The detection process of the invention is as follows: the RGB picture is directly input into a saliency prediction network S-Net after the overall training, and the S-Net automatically detects saliency objects from the picture according to learned knowledge and outputs the saliency objects in a mask mode.
After the RGB picture is input into the S-Net, the S-Net aggregation interaction module effectively utilizes adjacent features through a mutual learning mode, and self-interaction modules are used for adaptively extracting multi-scale information from the picture so as to meet significance targets of different physical sizes, and then the S-Net outputs a significance map. The detection process is described in detail in the prior art documents: L.Wang, H.Lu, Y.Wang, M.Feng, D.Wang, B.Yin, and X.Ruan, "Learning to detect liquid objects with image-level overview," in Proc.CVPR,2017, pp.136-145.
Fig. 2 gives an example of the visualization of the inventive technique. The first column is a color image, the second column is a truth map for RGB saliency target detection, the third column is a coarse saliency map generated by conventional methods, and the fourth column is a predicted saliency map of the present invention. It can be seen from the results that the inventive method achieves better visual results in many challenging scenarios.
Those not described in detail in this specification are within the skill of the art.

Claims (6)

1. A weak supervision significance detection method based on a mixed label is characterized by comprising R-Net and S-Net;
the R-Net integrally adopts an encoder-decoder framework and is used for receiving information of the main flow branch and the guide branch to form a double-flow encoding structure; the R-Net also comprises a mixer BGA with a guiding and aggregation mechanism, and is used for realizing characteristic decoding of a guiding phase and an aggregation phase;
the S-Net is used for performing significance detection on the RGB picture to be predicted under the supervision of a real label;
the R-Net refers to a correction network, and the S-Net refers to a significance prediction network; the main stream branch refers to a main stream repair branch and comprises an RGB (red, green and blue) picture and a rough label; the guide branch refers to an independent RGB picture guide branch;
the guiding phase is to supplement the main flow branch by using the information of the guiding branch; the aggregation stage refers to the integration of the encoder features of the respective layer, the decoder features of the previous layer, and the global features from the top layer of the encoder.

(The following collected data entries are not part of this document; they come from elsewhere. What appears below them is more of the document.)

(* Let $c$ be a real number with $2<c<4$. There exists $k_0(c)$ such that for all integers $k>k_0(c)$ for which $n=ck$ is an integer, the family $$\mathcal A_k(n,k)=\Big\{A\in\binom{[n]}{k}: 1\in A,\ A\cap[2,k+1]\neq\varnothing\Big\}\cup\{[2,k+1]\}$$ is intersecting and satisfies $$|\mathcal D(\mathcal A_k(n,k))|>\sum_{0\le\ell<k}\binom{n-1}{\ell}.$$
   Context: $[n]=\{1,\dots,n\}$, $[a,b]=\{a,a+1,\dots,b\}$; $\binom{[n]}{k}$ is the family of all $k$-element subsets of $[n]$. $\mathcal D(\mathcal F):=\{F\setminus F' : F,F'\in\mathcal F\}$. *)

theory Defs
  imports Complex_Main
begin

definition diff_family :: "'a set set \<Rightarrow> 'a set set" where
  "diff_family F = {A - B | A B. A \<in> F \<and> B \<in> F}"

definition intersecting :: "'a set set \<Rightarrow> bool" where
  "intersecting F \<longleftrightarrow> (\<forall>A\<in>F. \<forall>B\<in>F. A \<inter> B \<noteq> {})"

definition fam_Ak :: "nat \<Rightarrow> nat \<Rightarrow> nat set set" where
  "fam_Ak n k = {A. A \<subseteq> {1..n} \<and> card A = k \<and> 1 \<in> A \<and> A \<inter> {2..k+1} \<noteq> {}} \<union> {{2..k+1}}"

end

theory Submission
  imports Defs
begin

2. The weak surveillance significance detection method based on hybrid labels as claimed in claim 1, characterized in that:
in the guiding stage, encoders of corresponding layers in the main flow branch and the guiding branch are connected in series for supplementation, and then necessary channel characteristics are highlighted by channel attention for filtering, and the filtering is expressed by an expression (1):
Figure FDA0003833383220000011
in the above formula, the first and second carbon atoms are,
Figure FDA0003833383220000012
representing the complementary features after channel attention processing, CA is channel attention manipulation,
Figure FDA0003833383220000013
and
Figure FDA0003833383220000014
encoder features representing the i-th layer in the main stream branch and the leading branch, respectively, [,]representing cascading operations along a channel dimension;
Figure FDA0003833383220000016
representing element-by-element multiplication of broadcast with channel dimensions;
generating a spatial position mask needing to be emphasized from the perspective of RGB information, and updating the characteristics of the refinement branch according to the spatial position mask, wherein the spatial position mask is expressed by an expression (2):
Figure FDA0003833383220000015
in the above formula, the first and second carbon atoms are,
Figure FDA0003833383220000021
encoder feature of final output of the boot stage after spatial attention enhancement, SA being a spatial attention operation, a one-element multiplication operation, conv 1×1 Represents a convolution layer having a convolution kernel size of 1 × 1.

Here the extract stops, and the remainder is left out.